2. A bridge segment transport device according to claim 1, characterised in that: The upper surface of the base (1) is fixedly connected with a plurality of sliding cylinders (13), and the inner sidewall of each sliding cylinder (13) is slidably connected with a support rod (14), and the upper surface of each support rod (14) is connected to the bottom surface of the support plate (3).

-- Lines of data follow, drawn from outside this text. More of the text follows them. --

lemma idempotent_zero_diag_eq_0:
  fixes e :: "'a::{finite,order} \<Rightarrow> 'a \<Rightarrow> 'b::field"
  assumes e: "e \<in> inc_alg" and idem: "e \<odot> e = e" and diag: "\<And>z. e z z = 0"
  shows "e = 0"
proof -
  have "e u v = 0" for u v
  proof (induction "card {t. u \<le> t \<and> t \<le> v}" arbitrary: u v rule: less_induct)
    case less
    have "e u v = (\<Sum>t\<in>UNIV. e u t * e t v)"
      using fun_cong[OF fun_cong[OF idem], of u v] by (simp add: mmult_def)
    also have "\<dots> = 0"
    proof (rule sum.neutral, intro ballI)
      fix t
      show "e u t * e t v = 0"
      proof (cases "u \<le> t \<and> t \<le> v \<and> t \<noteq> u \<and> t \<noteq> v")
        case True
        then have "{s. u \<le> s \<and> s \<le> t} \<subseteq> {s. u \<le> s \<and> s \<le> v}"
          and "v \<notin> {s. u \<le> s \<and> s \<le> t}" and "v \<in> {s. u \<le> s \<and> s \<le> v}"
          by (auto intro: order.trans dest: antisym)
        then have "{s. u \<le> s \<and> s \<le> t} \<subset> {s. u \<le> s \<and> s \<le> v}"
          by blast
        then have "card {s. u \<le> s \<and> s \<le> t} < card {s. u \<le> s \<and> s \<le> v}"
          by (rule psubset_card_mono[rotated]) simp
        then show ?thesis using less.hyps by simp
      next
        case False
        then show ?thesis using e diag unfolding inc_alg_def by auto
      qed
    qed
    finally show ?case .
  qed
  then show ?thesis by (simp add: fun_eq_iff)
qed

lemma inc_alg_mmult_diag:
  fixes f :: "'a::{finite,order} \<Rightarrow> 'a \<Rightarrow> 'b::field"
  assumes "f \<in> inc_alg" "g \<in> inc_alg"
  shows "(f \<odot> g) z z = f z z * g z z"
proof -
  have "f z t * g t z = 0" if "t \<noteq> z" for t
    using assms that antisym[of z t] unfolding inc_alg_def by fastforce
  then show ?thesis
    unfolding mmult_def by (subst sum.remove[of _ z]) (simp_all add: sum.neutral)
qed

lemma primitive_idempotent_through_unit_mat:
  fixes e :: "'a::{finite,order} \<Rightarrow> 'a \<Rightarrow> 'b::field"
  assumes e: "e \<in> inc_alg" and idem: "e \<odot> e = e" and nonzero: "e \<noteq> 0"
    and corner: "\<And>h. h \<in> inc_alg \<Longrightarrow> \<exists>c. e \<odot> h \<odot> e = inc_scale c e"
  obtains z where "e \<odot> unit_mat z z \<odot> e = e"
proof -
  obtain z where ez: "e z z \<noteq> 0"
    using idempotent_zero_diag_eq_0[OF e idem] nonzero by blast
  have "e z z * e z z = e z z"
    using inc_alg_mmult_diag[OF e e, of z] idem by simp
  with ez have ez1: "e z z = 1"
    by (metis mult.right_neutral mult_left_cancel)
  obtain c where c: "e \<odot> unit_mat z z \<odot> e = inc_scale c e"
    using corner[OF inc_alg_unit_mat[of z z]] by auto
  have "(e \<odot> unit_mat z z \<odot> e) z z = e z z * e z z"
    unfolding mmult_unit_mat by (simp add: mmult_def)
  with c ez1 have "c = 1" by (simp add: inc_scale_def)
  with c show ?thesis using that by simp
qed

lemma primitive_idempotent_factor_eq_0:
  fixes e :: "'a::{finite,order} \<Rightarrow> 'a \<Rightarrow> 'b::field"
  assumes e: "e \<in> inc_alg" and idem: "e \<odot> e = e" and nonzero: "e \<noteq> 0"
    and corner: "\<And>h. h \<in> inc_alg \<Longrightarrow> \<exists>c. e \<odot> h \<odot> e = inc_scale c e"
    and right: "g \<odot> e = g" and left: "e \<odot> h = h" and prod: "g \<odot> h = 0"
  shows "g = 0 \<or> h = 0"
proof -
  obtain z where through_z: "e \<odot> unit_mat z z \<odot> e = e"
    using primitive_idempotent_through_unit_mat[OF e idem nonzero corner] by blast
  have "g \<odot> unit_mat z z \<odot> h = (g \<odot> e) \<odot> unit_mat z z \<odot> (e \<odot> h)"
    by (simp only: right left)
  also have "\<dots> = g \<odot> (e \<odot> unit_mat z z \<odot> e) \<odot> h"
    by (simp only: mmult_assoc)
  also have "\<dots> = g \<odot> h"
    by (simp only: through_z right)
  finally have "g \<odot> unit_mat z z \<odot> h = 0"
    using prod by simp
  then have "(\<forall>u. g u z = 0) \<or> (\<forall>v. h z v = 0)"
    unfolding mmult_unit_mat by (simp add: mmult_def fun_eq_iff)
  then show ?thesis
  proof
    assume "\<forall>u. g u z = 0"
    then have "g \<odot> unit_mat z z = 0"
      by (simp add: mmult_unit_mat fun_eq_iff)
    then have "g \<odot> (e \<odot> unit_mat z z \<odot> e) = 0"
      by (simp only: mmult_assoc[symmetric] right mmult_zero_left)
    then show ?thesis by (simp only: through_z right simp_thms)
  next
    assume "\<forall>v. h z v = 0"
    then have "unit_mat z z \<odot> h = 0"
      by (simp add: unit_mat_mmult fun_eq_iff)
    then have "e \<odot> unit_mat z z \<odot> e \<odot> h = 0"
      by (simp only: mmult_assoc left mmult_zero_right)
    then show ?thesis by (simp only: through_z left simp_thms)
  qed
qed

locale unital_jordan_triple_iso =
  fixes \<psi> :: "('a::{finite,order} \<Rightarrow> 'a \<Rightarrow> 'b::field) \<Rightarrow> ('a \<Rightarrow> 'a \<Rightarrow> 'b)"
  assumes bij: "bij_betw \<psi> inc_alg inc_alg"
    and linear: "inc_linear \<psi>"
    and triple: "\<And>f g. f \<in> inc_alg \<Longrightarrow> g \<in> inc_alg \<Longrightarrow> \<psi> (f \<odot> g \<odot> f) = \<psi> f \<odot> \<psi> g \<odot> \<psi> f"
    and unital: "\<psi> id_mat = id_mat"
begin

abbreviation U :: "'a \<Rightarrow> 'a \<Rightarrow> 'a \<Rightarrow> 'a \<Rightarrow> 'b" where "U x y \<equiv> \<psi> (unit_mat x y)"
abbreviation E :: "'a \<Rightarrow> 'a \<Rightarrow> 'a \<Rightarrow> 'b" where "E x \<equiv> U x x"

lemma add: "f \<in> inc_alg \<Longrightarrow> g \<in> inc_alg \<Longrightarrow> \<psi> (f + g) = \<psi> f + \<psi> g"
  and scale: "f \<in> inc_alg \<Longrightarrow> \<psi> (inc_scale c f) = inc_scale c (\<psi> f)"
  and zero: "\<psi> 0 = 0"
  using inc_linear_add inc_linear_scale inc_linear_zero linear by blast+

lemma in_inc_alg: "f \<in> inc_alg \<Longrightarrow> \<psi> f \<in> inc_alg"
  using bij bij_betwE by blast

lemma inj: "f \<in> inc_alg \<Longrightarrow> g \<in> inc_alg \<Longrightarrow> \<psi> f = \<psi> g \<Longrightarrow> f = g"
  using bij by (auto simp: bij_betw_def inj_on_def)

lemma eq_0_iff: "f \<in> inc_alg \<Longrightarrow> \<psi> f = 0 \<longleftrightarrow> f = 0"
  using inj[OF _ inc_alg_zero] zero by auto

lemma surj: "h \<in> inc_alg \<Longrightarrow> \<exists>g\<in>inc_alg. \<psi> g = h"
  using bij unfolding bij_betw_def by (metis imageE)

lemma square: "f \<in> inc_alg \<Longrightarrow> \<psi> (f \<odot> f) = \<psi> f \<odot> \<psi> f"
  using triple[of f id_mat] inc_alg_id_mat unital by simp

3. The bridge segment transport device according to claim 1, characterized in that: The upper surface of the base (1) is fixedly connected with a plurality of elastic elements (15), and the outer surface of each elastic element (15) is connected to the bottom surface of the support plate (3).
4. A bridge segment transport apparatus as claimed in claim 1, characterized in that: The upper surface of the support plate (3) is provided with a plurality of sliding holes (16), and each sliding hole (16) is slidably connected to a ball (17) on its inner sidewall.
5. A bridge segment transport apparatus as claimed in claim 1, characterized in that: The outer surface of the receiving plate (12) and the outer surface of the support plate (3) are fixedly connected to two slide rods (18), and the outer surface of each slide rod (18) is slidably connected to the inside of the push plate (11).
6. A bridge segment transport apparatus as claimed in claim 1, characterized in that: Furthermore, the push plate (11), the receiving plate (12), and the two sets of clamping plates (9) are all fixedly connected with rubber pads.